One-Stop multienergy pancreatic dynamic volume perfusion imaging using photon-counting detector CT: Initial experience

Purpose: This study reports initial experience with a modified one-stop, multienergy pancreatic VPCT protocol using PCCT, designed for comprehensive morphologic analysis and functional perfusion assessment of pancreatic ductal adenocarcinoma (PDAC). Materials and Methods: From April 2024 to October 2024, participants with suspected PDAC were prospectively enrolled and underwent preoperative pancreatic dynamic VPCT. Individual phase images were extracted from perfusion datasets using T3D, virtual monoenergetic images (VMIs) at 55 and 70 keV reconstruction for diagnostic interpretation.

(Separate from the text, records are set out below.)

lemma card_pairs_of_ordered_pairs:
  "card {((i::'a::{finite,linorder}, j::'a), (k::'a, l::'a)). i < j \<and> k < l}
     = CARD('a)^2 * (CARD('a) - 1)^2 div 4"
proof -
  have "{((i::'a, j::'a), (k::'a, l::'a)). i < j \<and> k < l} = {(i, j). i < j} \<times> {(k, l). k < l}"
    by auto
  then have "card {((i::'a, j::'a), (k::'a, l::'a)). i < j \<and> k < l} = (CARD('a) choose 2)^2"
    by (simp add: card_cartesian_product card_ordered_pairs power2_eq_square)
  also have "\<dots> = (CARD('a) * (CARD('a) - 1))^2 div 4"
  proof -
    obtain c where "CARD('a) * (CARD('a) - 1) = 2 * c"
      using evenE[of "CARD('a) * (CARD('a) - 1)"] by fastforce
    then show ?thesis by (simp add: choose_two power_mult_distrib)
  qed
  finally show ?thesis by (simp add: power_mult_distrib)
qed

theorem theorem8:
  fixes S :: "real^('n::{finite,linorder})^('n::{finite,linorder})^('n::{finite,linorder})"
  assumes "sym_tensor S"
  shows "(cubic_form S \<in> OW \<longleftrightarrow> (\<forall>k l. slice S k ** slice S l = slice S l ** slice S k))
    \<and> (cubic_form S \<in> OW \<longleftrightarrow>
         (\<forall>i j k l. i < j \<and> k < l \<longrightarrow>
            (\<Sum>m\<in>UNIV. S$i$m$k * S$m$j$l - S$i$m$l * S$m$j$k) = 0))
    \<and> card {((i::'n, j::'n), (k::'n, l::'n)). i < j \<and> k < l}
        = CARD('n)^2 * (CARD('n) - 1)^2 div 4"
  using cubic_form_in_OW_iff_slices_commute[OF assms] slices_commute_iff_ordered_equations[OF assms]
    card_pairs_of_ordered_pairs
  unfolding slice_commutator_def by simp

end
theorem lemma7:
  fixes N b M :: nat and alpha lam :: real
    and mu p :: "nat \<Rightarrow> real"
    and r :: "sys_state \<Rightarrow> nat \<Rightarrow> real"
    and pd :: "sys_state \<Rightarrow> real"
  assumes N2: "2 \<le> N" and b1: "1 \<le> b" and M1: "1 \<le> M"
    and alpha: "0 < alpha" "alpha < 1/2"
    and lam_def: "lam = 1 - real N powr (- alpha)"
    and mu_pos: "\<forall>m\<in>{1..M}. 0 < mu m"
    and p_rng: "\<forall>m\<in>{1..<M}. 0 \<le> p m \<and> p m < 1"
    and v_sum: "(\<Sum>m=1..M. vv mu p m) = 1"
    and xi_rng: "0 < xi M mu p" "xi M mu p < 1"
    and policy: "routing_policy N b M r"
    and irred: "irreducible_ctmc (states N b M) (trans_rate N b M lam mu p r)"
    and stat: "stationary_dist (states N b M) (trans_rate N b M lam mu p r) pd"
  shows
    "let \<Delta> = ln (real N) / sqrt (real N);
         \<eta> = lam + kk b M mu p * \<Delta>;
         h = (\<lambda>x::real. max (x - \<eta>) 0);
         g' = (\<lambda>x::real. - max (x - \<eta>) 0 / \<Delta>);
         D1 = (\<lambda>s. \<Sum>m=1..M. ww M mu p m * S_im N s 1 m);
         J1 = (\<Sum>s\<in>states N b M. pd s *
                 (g' (S_tot N b M s) * (lam * A_b N b r s - lam - \<Delta> + D1 s)
                  * (if S_tot N b M s > \<eta> + 1 / real N then 1 else 0)))
     in (\<Sum>s\<in>states N b M. pd s * h (S_tot N b M s))
          \<le> J1 + (5 * mu_max M mu + lam) / (sqrt (real N) * ln (real N))"
proof -
  have fin: "finite (states N b M)" using irred by (simp add: irreducible_ctmc_def)
  have lam: "0 \<le> lam" "lam \<le> 1"
    unfolding lam_def using N2 alpha(1) one_minus_powr_neg_bounds[of "real N" alpha] by auto
  interpret load_balancing N b M lam mu p r
    using N2 M1 lam(1) mu_pos p_rng policy fin by unfold_locales auto
  have \<Delta>: "0 < ln (real N) / sqrt (real N)" using N2 by simp
  show ?thesis
    unfolding Let_def departure_rate_def[symmetric]
    using expected_excess_le[OF stat \<Delta>, where \<eta> = "lam + kk b M mu p * (ln (real N) / sqrt (real N))"]
      error_term_le[OF N2 lam(2) mu_max_ge_1[OF M1 mu_pos p_rng v_sum]]
    by linarith
qed

end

Diagnostic image quality was assessed both quantitatively and subjectively. Perfusion maps were generated for analysis. Perfusion parameters were compared between PDAC lesions and normal parenchyma, as well as among PDAC histopathological differentiation. Radiation doses were recorded. Results: A total of 65 participants (39 male; mean age, 66.2 +/- 6.3 years) with histologically confirmed PDAC were included. The protocol achieved a mean effective radiation dose of 16.4 +/- 4.5 mSv. All individual phase images met diagnostic quality standards (subjective scores >= 3). Among these, 55 keV VMIs demonstrated the highest CNR for PDAC lesions and adjacent vasculature, and superior subjective scores for lesion conspicuity in both pancreatic parenchymal and portal venous phases (all p < 0.05). Perfusion parameters, including blood flow (BF), blood volume (BV), time to drain (TTD), mean transit time, time to start, Tmax, and flow extraction product (FEP), differed significantly between PDAC lesions and normal parenchyma (all p < 0.05). Poorly differentiated PDAC lesions exhibited significantly lower BF, BV, TTD, and Tmax values and reduced lesion-to-parenchyma ratios of BF, BV, and FEP compared to moderately-to-well-differentiated PDAC lesions. Conclusion: The one-stop, multienergy pancreatic VPCT protocol using PCCT enables high-quality morphologic imaging and reliable functional perfusion assessment at reduced radiation doses. It provides valuable insights into PDAC differentiation and histopathological grading, with potential implications for improved clinical management.